Dr Omondi further notes that to be sure it is anti-phospholipid syndrome “there must be clots in the body, which manifests with a severe headache which does not go away even with medication. We check for antibodies to confirm if one has APS then scan the body parts for clots. If clots are found, drugs are prescribed.”
Pregnant women suffering from the condition could lose up to three pregnancies all in their first trimester or at 34 weeks due to thrombosis which increases miscarrages from one percent to between 1o to 15 percent for women with APS.
The patients also experience uncontrollable convulsions.
With the diagnosis, Shalom was immediately put on treatment. Since then, she regularly undergoes a test to check the level of blood thickness. This helps monitor the likelihood of formation of clots.
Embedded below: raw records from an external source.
(* Let $G=(V,E)$ be a connected hypergraph and $\lambda\in\mathbb{C}$. Then $\prod_{A\in E}f_A^{(\lambda)}=f_V^{(\lambda)}$ if $G$ is a hypertree and $=0$ if $G$ is not a hypertree. More generally, for complex numbers $\{\lambda_A\}_{A\in E}$, $\prod_{A\in E}f_A^{(\lambda_A)}=f_V^{(\lambda_\star)}$ if $G$ is a hypertree and $=0$ otherwise, where $$\lambda_\star=\frac{\sum_{A\in E}(|A|-1)\lambda_A}{\sum_{A\in E}(|A|-1)}=\frac{\sum_{A\in E}(|A|-1)\lambda_A}{\big|\bigcup_{A\in E}A\big|-1}.$$
   Context: A hypergraph is a pair $G=(V,E)$ with $V$ finite and $E$ a set of subsets of $V$ each of cardinality at least 2. A walk is $(v_0,e_1,v_1,\ldots,e_k,v_k)$ with $v_{i-1},v_i\in e_i\in E$; $G$ is connected if any two vertices are joined by a walk. A cycle is a walk with $v_0,\ldots,v_{k-1}$ distinct, $v_k=v_0$, $e_1,\ldots,e_k$ distinct, $k\ge2$; a hypertree is a connected hypergraph without cycles. For each $i\in V$ let $\psi_i,\bar\psi_i$ be anticommuting generators of a Grassmann algebra over $\mathbb{C}$; $\tau_A=\prod_{i\in A}\bar\psi_i\psi_i$ ($\tau_\emptyset=1$); $f_A^{(\lambda)}=\lambda(1-|A|)\tau_A+\sum_{i\in A}\tau_{A\setminus\{i\}}-\sum_{i,j\in A,\ i\neq j}\bar\psi_i\psi_j\,\tau_{A\setminus\{i,j\}}$ (the factors commute, being even). *)

theory Defs
  imports Complex_Main "HOL-Library.Product_Lexorder"
begin

definition hypergraph :: "'v set \<Rightarrow> 'v set set \<Rightarrow> bool" where
  "hypergraph V E \<longleftrightarrow> finite V \<and> (\<forall>A\<in>E. A \<subseteq> V \<and> 2 \<le> card A)"

text \<open>A walk (v_0,e_1,v_1,...,e_k,v_k) is given by the vertex list vs = [v_0,...,v_k]
  and the edge list es = [e_1,...,e_k].\<close>
definition hg_walk :: "'v set set \<Rightarrow> 'v list \<Rightarrow> 'v set list \<Rightarrow> bool" where
  "hg_walk E vs es \<longleftrightarrow> length vs = length es + 1 \<and>
     (\<forall>i < length es. es ! i \<in> E \<and> vs ! i \<in> es ! i \<and> vs ! (Suc i) \<in> es ! i)"

definition hg_connected :: "'v set \<Rightarrow> 'v set set \<Rightarrow> bool" where
  "hg_connected V E \<longleftrightarrow> (\<forall>u\<in>V. \<forall>v\<in>V. \<exists>vs es. hg_walk E vs es \<and> hd vs = u \<and> last vs = v)"

definition hg_cycle :: "'v set set \<Rightarrow> 'v list \<Rightarrow> 'v set list \<Rightarrow> bool" where
  "hg_cycle E vs es \<longleftrightarrow> hg_walk E vs es \<and> 2 \<le> length es \<and>
     distinct (butlast vs) \<and> last vs = hd vs \<and> distinct es"

definition hypertree :: "'v set \<Rightarrow> 'v set set \<Rightarrow> bool" where
  "hypertree V E \<longleftrightarrow> hg_connected V E \<and> \<not> (\<exists>vs es. hg_cycle E vs es)"

text \<open>Elements of the Grassmann algebra generated by a linearly ordered set of generators
  are coefficient functions on finite sets of generators (monomials = increasing products).
  Generators are ('v \<times> bool): (i, False) is psibar_i and (i, True) is psi_i.\<close>

type_synonym 'g grass = "'g set \<Rightarrow> complex"

definition inv_count :: "('g::linorder) set \<Rightarrow> 'g set \<Rightarrow> nat" where
  "inv_count T U = card {(t, u). t \<in> T \<and> u \<in> U \<and> u < t}"

definition gmul :: "('g::linorder) grass \<Rightarrow> 'g grass \<Rightarrow> 'g grass" where
  "gmul a b = (\<lambda>S. if finite S then
      (\<Sum>T\<in>Pow S. (-1) ^ inv_count T (S - T) * a T * b (S - T)) else 0)"

definition gone :: "'g grass" where
  "gone = (\<lambda>S. if S = {} then 1 else 0)"

definition gzero :: "'g grass" where
  "gzero = (\<lambda>S. 0)"

definition gadd :: "'g grass \<Rightarrow> 'g grass \<Rightarrow> 'g grass" where
  "gadd a b = (\<lambda>S. a S + b S)"

definition gdiff :: "'g grass \<Rightarrow> 'g grass \<Rightarrow> 'g grass" where
  "gdiff a b = (\<lambda>S. a S - b S)"

definition gscal :: "complex \<Rightarrow> 'g grass \<Rightarrow> 'g grass" where
  "gscal c a = (\<lambda>S. c * a S)"

definition gsum :: "('i \<Rightarrow> 'g grass) \<Rightarrow> 'i set \<Rightarrow> 'g grass" where
  "gsum F I = (\<lambda>S. \<Sum>i\<in>I. F i S)"

definition ggen :: "'g \<Rightarrow> 'g grass" where
  "ggen g = (\<lambda>S. if S = {g} then 1 else 0)"

definition gprod_list :: "('g::linorder) grass list \<Rightarrow> 'g grass" where
  "gprod_list xs = foldr gmul xs gone"

definition psi :: "'v \<Rightarrow> ('v \<times> bool) grass" where
  "psi i = ggen (i, True)"

definition psibar :: "'v \<Rightarrow> ('v \<times> bool) grass" where
  "psibar i = ggen (i, False)"

text \<open>tau_A = prod_{i in A} psibar_i psi_i (factors are even, hence commute; we take them
  in increasing order).\<close>
definition tau :: "('v::linorder) set \<Rightarrow> ('v \<times> bool) grass" where
  "tau A = gprod_list (map (\<lambda>i. gmul (psibar i) (psi i)) (sorted_list_of_set A))"

definition fA :: "complex \<Rightarrow> ('v::linorder) set \<Rightarrow> ('v \<times> bool) grass" where
  "fA lam A = gdiff
     (gadd (gscal (lam * (1 - of_nat (card A))) (tau A))
           (gsum (\<lambda>i. tau (A - {i})) A))
     (gsum (\<lambda>(i, j). gmul (gmul (psibar i) (psi j)) (tau (A - {i, j})))
           {(i, j). i \<in> A \<and> j \<in> A \<and> i \<noteq> j})"

definition lambda_star :: "'v set set \<Rightarrow> ('v set \<Rightarrow> complex) \<Rightarrow> complex" where
  "lambda_star E lamA = (\<Sum>A\<in>E. (of_nat (card A) - 1) * lamA A) / (\<Sum>A\<in>E. of_nat (card A) - 1)"

end

(* The even elements E_ij = psibar_i psi_j generate a commutative ring in which
   E_ij E_kl = - E_il E_kj  and  E_ij E_il = E_ij E_kj = 0.  From these relations alone,
   f_A^(0) = prod_{j in A - {r}} (psibar_j - psibar_r)(psi_j - psi_r) for every r in A, and
   f_A^(lambda) = f_A^(0) + lambda (1 - |A|) tau_A.  Hence two such factors whose vertex sets meet
   in exactly one vertex multiply to the factor of the union, with the weights lambda (1 - |A|)
   added, while vertex sets sharing two vertices give 0 (a squared factor or a repeated diagonal
   element E_vv).  Order the edges of a connected hypergraph so that each meets the union of its
   predecessors: the product is f_V with the summed weight if every edge meets its predecessors in
   exactly one vertex, and 0 otherwise.  That condition is equivalent to the absence of cycles, and
   then |V| - 1 = sum_A (|A| - 1), which turns the summed weight into lambda_star (1 - |V|). *)

theory Submission
  imports Defs
begin
text \<open>Every \<open>R\<^sub>\<alpha>\<^sub>,\<^sub>n\<close> is a subtraction-free rational function of the initial cluster, hence
  specializes to a positive rational number at \<open>x\<^sub>0 = (1, \<dots>, 1)\<close>.  Induction on \<open>n\<close> in both
  directions, solving the exchange relation for \<open>R\<^sub>\<alpha>\<^sub>,\<^sub>n\<^sub>+\<^sub>2\<close> resp. \<open>R\<^sub>\<alpha>\<^sub>,\<^sub>n\<^sub>-\<^sub>1\<close>.\<close>

lemma Q_system_positive_at_ones:
  fixes R :: "nat \<Rightarrow> int \<Rightarrow> 'a::field"
  assumes Q: "is_Q_system r R" and indep: "alg_indep {1..2*r} (motzkin_cluster r R (\<lambda>_. 0))"
    and "\<gamma> \<le> r + 1"
  shows "positive_at_ones {1..2*r} (motzkin_cluster r R (\<lambda>_. 0)) (R \<gamma> n)"
proof -
  let ?pos = "positive_at_ones {1..2*r} (motzkin_cluster r R (\<lambda>_. 0))"
  have boundary: "?pos (R \<gamma> m)" if "\<gamma> = 0 \<or> \<gamma> = r + 1" for \<gamma> m
    unfolding positive_at_ones_def Q_system_boundary[OF Q that] using specializes_one by force
  have initial: "?pos (R \<gamma> 0) \<and> ?pos (R \<gamma> 1)" if "\<gamma> \<in> {1..r}" for \<gamma>
  proof -
    have "\<gamma> \<in> {1..2*r}" "\<gamma> + r \<in> {1..2*r}" using that by auto
    then show ?thesis unfolding positive_at_ones_def initial_cluster_entries[OF that, symmetric]
      using specializes_var zero_less_one by blast
  qed
  define row_pos where "row_pos m \<longleftrightarrow> (\<forall>\<beta>\<in>{1..r}. ?pos (R \<beta> m))" for m
  have row: "?pos (R \<beta> m)" if "row_pos m" "\<beta> \<le> r + 1" for \<beta> m
  proof (cases "\<beta> \<in> {1..r}")
    case False
    with \<open>\<beta> \<le> r + 1\<close> have "\<beta> = 0 \<or> \<beta> = r + 1" by auto
    then show ?thesis by (rule boundary)
  qed (use that in \<open>auto simp: row_pos_def\<close>)
  have solve: "?pos c" if \<gamma>: "\<gamma> \<in> {1..r}" and "row_pos a" "row_pos b"
    and rel: "c * R \<gamma> a = R \<gamma> b * R \<gamma> b + R (\<gamma> + 1) b * R (\<gamma> - 1) b" for \<gamma> a b c
  proof -
    have "\<gamma> \<le> r + 1" "\<gamma> + 1 \<le> r + 1" "\<gamma> - 1 \<le> r + 1" using \<gamma> by auto
    then have pos: "?pos (R \<gamma> a)" "?pos (R \<gamma> b)" "?pos (R (\<gamma> + 1) b)" "?pos (R (\<gamma> - 1) b)"
      using row that(2,3) by blast+
    obtain s where "s > 0" "specializes {1..2*r} (motzkin_cluster r R (\<lambda>_. 0)) (R \<gamma> a) s"
      using pos(1) unfolding positive_at_ones_def by blast
    then have "R \<gamma> a \<noteq> 0" using specializes_nonzero[OF indep] by simp
    then have "c = (R \<gamma> b * R \<gamma> b + R (\<gamma> + 1) b * R (\<gamma> - 1) b) / R \<gamma> a"
      using rel by (simp add: field_simps)
    then show ?thesis using positive_at_ones_exchange[OF indep pos(2-4,1)] by simp
  qed
  have "row_pos m \<and> row_pos (m + 1)" for m
  proof (induction m rule: int_induct[where k = 0])
    case base
    show ?case using initial by (simp add: row_pos_def)
  next
    case (step1 m)
    have "?pos (R \<beta> (m + 1 + 1))" if "\<beta> \<in> {1..r}" for \<beta>
      using Q_system_exchange[OF Q that, of "m + 1"] step1(2)
      by (intro solve[OF that, of m "m + 1"]) (simp_all add: mult.commute)
    then show ?case using step1(2) by (simp add: row_pos_def)
  next
    case (step2 m)
    have "?pos (R \<beta> (m - 1))" if "\<beta> \<in> {1..r}" for \<beta>
      using Q_system_exchange[OF Q that, of m] step2(2)
      by (intro solve[OF that, of "m + 1" m]) (simp_all add: mult.commute)
    then show ?case using step2(2) by (simp add: row_pos_def)
  qed
  then show ?thesis using row \<open>\<gamma> \<le> r + 1\<close> by blast
qed

text \<open>Specializing at \<open>x\<^sub>0 = (1, \<dots>, 1)\<close> therefore yields a positive Q-system solution, whose
  injectivity on each parity class lifts to \<open>R\<close>.\<close>

lemma Q_system_parity_injective:
  fixes R :: "nat \<Rightarrow> int \<Rightarrow> 'a::field"
  assumes Q: "is_Q_system r R" and indep: "alg_indep {1..2*r} (motzkin_cluster r R (\<lambda>_. 0))"
    and \<alpha>: "\<alpha> \<in> {1..r}" and eq: "R \<alpha> a = R \<alpha> b" and "even (a - b)"
  shows "a = b"
proof -
  let ?I = "{1..2*r}" and ?x = "motzkin_cluster r R (\<lambda>_. 0)"
  define S where "S \<gamma> n = (THE s. specializes ?I ?x (R \<gamma> n) s)" for \<gamma> n
  have S: "specializes ?I ?x (R \<gamma> n) (S \<gamma> n) \<and> S \<gamma> n > 0" if \<gamma>: "\<gamma> \<le> r + 1" for \<gamma> n
  proof -
    obtain s where s: "s > 0" "specializes ?I ?x (R \<gamma> n) s"
      using Q_system_positive_at_ones[OF Q indep \<gamma>] unfolding positive_at_ones_def by blast
    moreover have "S \<gamma> n = s"
      unfolding S_def using s(2) specializes_unique[OF indep] by blast
    ultimately show ?thesis by simp
  qed
  have S_eq: "S \<gamma> n = t" if "\<gamma> \<le> r + 1" "specializes ?I ?x (R \<gamma> n) t" for \<gamma> n t
    using specializes_unique[OF indep] S that by blast
  interpret positive_Q_solution r S
  proof
    fix \<gamma> n
    show "\<gamma> \<le> r + 1 \<Longrightarrow> S \<gamma> n > 0" using S by blast
    show "S 0 n = 1" "S (r + 1) n = 1"
      using S_eq[of 0 n 1] S_eq[of "r + 1" n 1] Q_system_boundary[OF Q] specializes_one by auto
    assume \<gamma>: "\<gamma> \<in> {1..r}"
    then have "\<gamma> \<le> r + 1" "\<gamma> + 1 \<le> r + 1" "\<gamma> - 1 \<le> r + 1" by auto
    then have "specializes ?I ?x (R \<gamma> n * R \<gamma> n + R (\<gamma> + 1) n * R (\<gamma> - 1) n)
                 (S \<gamma> n * S \<gamma> n + S (\<gamma> + 1) n * S (\<gamma> - 1) n)"
      using S by (intro specializes_add specializes_mult) auto
    moreover have "specializes ?I ?x (R \<gamma> (n + 1) * R \<gamma> (n - 1)) (S \<gamma> (n + 1) * S \<gamma> (n - 1))"
      using S \<open>\<gamma> \<le> r + 1\<close> by (intro specializes_mult) auto
    ultimately show "S \<gamma> (n + 1) * S \<gamma> (n - 1) = (S \<gamma> n)\<^sup>2 + S (\<gamma> + 1) n * S (\<gamma> - 1) n"
      using Q_system_exchange[OF Q \<gamma>, of n] specializes_unique[OF indep]
      by (metis power2_eq_square)
    have "\<gamma> \<in> ?I" "\<gamma> + r \<in> ?I" using \<gamma> by auto
    then show "S \<gamma> 0 = S \<gamma> 1"
      using S_eq[OF \<open>\<gamma> \<le> r + 1\<close>] specializes_var initial_cluster_entries[OF \<gamma>] by metis
  qed
  have "S \<alpha> a = S \<alpha> b" using S_eq S eq \<alpha> by simp
  then show "a = b" using parity_injective[OF \<alpha> _ \<open>even (a - b)\<close>] by blast
qed

section \<open>Mutating sign matrices\<close>

definition sign :: "bool \<Rightarrow> int" where
  "sign b = (if b then 1 else -1)"

definition sign_matrix :: "nat \<Rightarrow> (nat \<Rightarrow> bool) \<Rightarrow> (nat \<Rightarrow> bool) \<Rightarrow> nat \<Rightarrow> nat \<Rightarrow> int" where
  "sign_matrix r f g p q =
     (if p \<le> r \<and> q \<le> r then sign (g q) * (sign (f p) - sign (f q)) * kdelta1 p q
      else if p \<le> r then - sign (g p) * sign (f (q - r)) * cartan p (q - r)
      else if q \<le> r then sign (f (p - r)) * sign (g q) * cartan (p - r) q
      else sign (f (p - r)) * (sign (g (q - r)) - sign (g (p - r))) * kdelta1 (p - r) (q - r))"

text \<open>The situation of a Q-system mutation raising \<open>m\<^sub>\<alpha>\<close>: the sign vectors change only at \<open>\<alpha>\<close>, by
  \<open>(f\<^sub>\<alpha>, g\<^sub>\<alpha>) \<mapsto> (g\<^sub>\<alpha>, -f\<^sub>\<alpha>)\<close>; the mutated index is \<open>\<alpha>\<close> when \<open>f\<^sub>\<alpha> = g\<^sub>\<alpha>\<close> (\<open>m\<^sub>\<alpha>\<close> even) and \<open>\<alpha> + r\<close>
  otherwise; and neighbouring indices never flip both signs (the Motzkin condition).\<close>

locale sign_mutation =
  fixes r \<alpha> k :: nat and f g f' g' :: "nat \<Rightarrow> bool"
  assumes \<alpha>: "\<alpha> \<in> {1..r}"
    and unchanged: "\<And>\<beta>. \<beta> \<in> {1..r} \<Longrightarrow> \<beta> \<noteq> \<alpha> \<Longrightarrow> f' \<beta> = f \<beta> \<and> g' \<beta> = g \<beta>"
    and new: "f' \<alpha> = g \<alpha>" "g' \<alpha> = (\<not> f \<alpha>)"
    and k: "k = (if f \<alpha> = g \<alpha> then \<alpha> else \<alpha> + r)"
    and adjacent: "\<And>\<beta>. 1 \<le> \<beta> \<Longrightarrow> \<beta> < r \<Longrightarrow> f (\<beta> + 1) = f \<beta> \<or> g (\<beta> + 1) = g \<beta>"
    and adjacent': "\<And>\<beta>. 1 \<le> \<beta> \<Longrightarrow> \<beta> < r \<Longrightarrow> f' (\<beta> + 1) = f' \<beta> \<or> g' (\<beta> + 1) = g' \<beta>"
begin

lemma neighbour:
  assumes "\<beta> \<in> {1..r}"
  shows "\<beta> = \<alpha> + 1 \<Longrightarrow> (f \<beta> = f \<alpha> \<or> g \<beta> = g \<alpha>) \<and> (f' \<beta> = f' \<alpha> \<or> g' \<beta> = g' \<alpha>)"
    and "\<beta> + 1 = \<alpha> \<Longrightarrow> (f \<alpha> = f \<beta> \<or> g \<alpha> = g \<beta>) \<and> (f' \<alpha> = f' \<beta> \<or> g' \<alpha> = g' \<beta>)"
  using assms \<alpha> adjacent[of \<alpha>] adjacent'[of \<alpha>] adjacent[of \<beta>] adjacent'[of \<beta>] by auto

lemma position: "\<beta> = \<alpha> \<or> \<beta> = \<alpha> + 1 \<or> \<beta> + 1 = \<alpha> \<or> (\<beta> \<noteq> \<alpha> \<and> \<beta> \<noteq> \<alpha> + 1 \<and> \<beta> + 1 \<noteq> \<alpha>)"
  by auto

lemma direction: "(k = \<alpha> \<and> f \<alpha> = g \<alpha>) \<or> (k = \<alpha> + r \<and> f \<alpha> \<noteq> g \<alpha>)"
  using k by auto

text \<open>This is a finite
  check, done block by block: after fixing the position of \<open>i\<close>, \<open>j\<close> relative to \<open>\<alpha>\<close> and the
  direction of \<open>k\<close>, every entry is a polynomial in a few signs.\<close>

lemma mutation_top_top:
  assumes "i \<in> {1..r}" "j \<in> {1..r}"
  shows "mutate_B k (sign_matrix r f g) i j = sign_matrix r f' g' i j"
  using position[of i] position[of j] direction assms [[simproc del: ring_eq_cancel_numeral_factor]]
  apply (elim disjE conjE)
  apply (insert \<alpha> new unchanged[OF assms(1)] unchanged[OF assms(2)] neighbour[OF assms(1)] neighbour[OF assms(2)])
  apply (simp_all add: mutate_B_def sign_matrix_def cartan_def kdelta1_def)
  apply (simp_all add: sign_def split: if_split)
  apply auto
  done

lemma mutation_top_bottom:
  assumes "i \<in> {1..r}" "j \<in> {1..r}"
  shows "mutate_B k (sign_matrix r f g) i (j + r) = sign_matrix r f' g' i (j + r)"
  using position[of i] position[of j] direction assms [[simproc del: ring_eq_cancel_numeral_factor]]
  apply (elim disjE conjE)
  apply (insert \<alpha> new unchanged[OF assms(1)] unchanged[OF assms(2)] neighbour[OF assms(1)] neighbour[OF assms(2)])
  apply (simp_all add: mutate_B_def sign_matrix_def cartan_def kdelta1_def)
  apply (simp_all add: sign_def split: if_split)
  apply auto
  done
“What makes the treatment expensive are the tests which cost more than the drugs. The tests are done bi-monthly with each costing an average of Sh2,000 in public hospitals,” says Dr Omondi.
The drugs also present some side effects like bleeding and “the drugs and some steroids, increase the susceptibility of patients to viral infections like Covid-19,” he adds.
In the course of managing Shalom, Julie also started developing body jerks and body pains that needed sedation.
Her husband, George Omamo, recommended treatment in the US and India on the advice of local doctors. In India, she was treated for back pain while medics in the US diagnosed an enlarged heart and put her on medication.
But three years ago her condition worsened and she was rushed to Kisumu Specialist Hospital where clots were fond in her lung arteries (pulmonary embolism). Like her daughter, she had APS and “it was a shock to us as she had been put on different medications that had little impact on the problem,” says Omamo.
Patients with APS are advised to avoid smoking, minimise sun exposure and wear sunscreen religiously as the sun’s ultraviolet rays damage the cells and dead cells stick around in the body, triggering an immune system attack.
Dr Omondi also says “patients should avoid the risk of mouth infections which spur APS attacks.”
The couple’s firstborn daughter Doxa Keran, 20, was also diagnosed with an autoimmune disorder when she was eight.
Julie says before a neurologist discovered that her thyroid levels were low she was being monitored by a pulmonologist over frequent constipation and put on drugs.
“She is now on autoimmune drugs but from her symptoms we are afraid that it might be APS,” noted Omamo.
While APS is sporadic, it can sometimes be hereditary and Omamo suspects it runs in their family as “Julie’s grandmother succumbed to blood clots in her left leg. So maybe that is the link.”
Today, mother and daughter are on a drug regime that includes a cocktail of painkillers to manage the condition.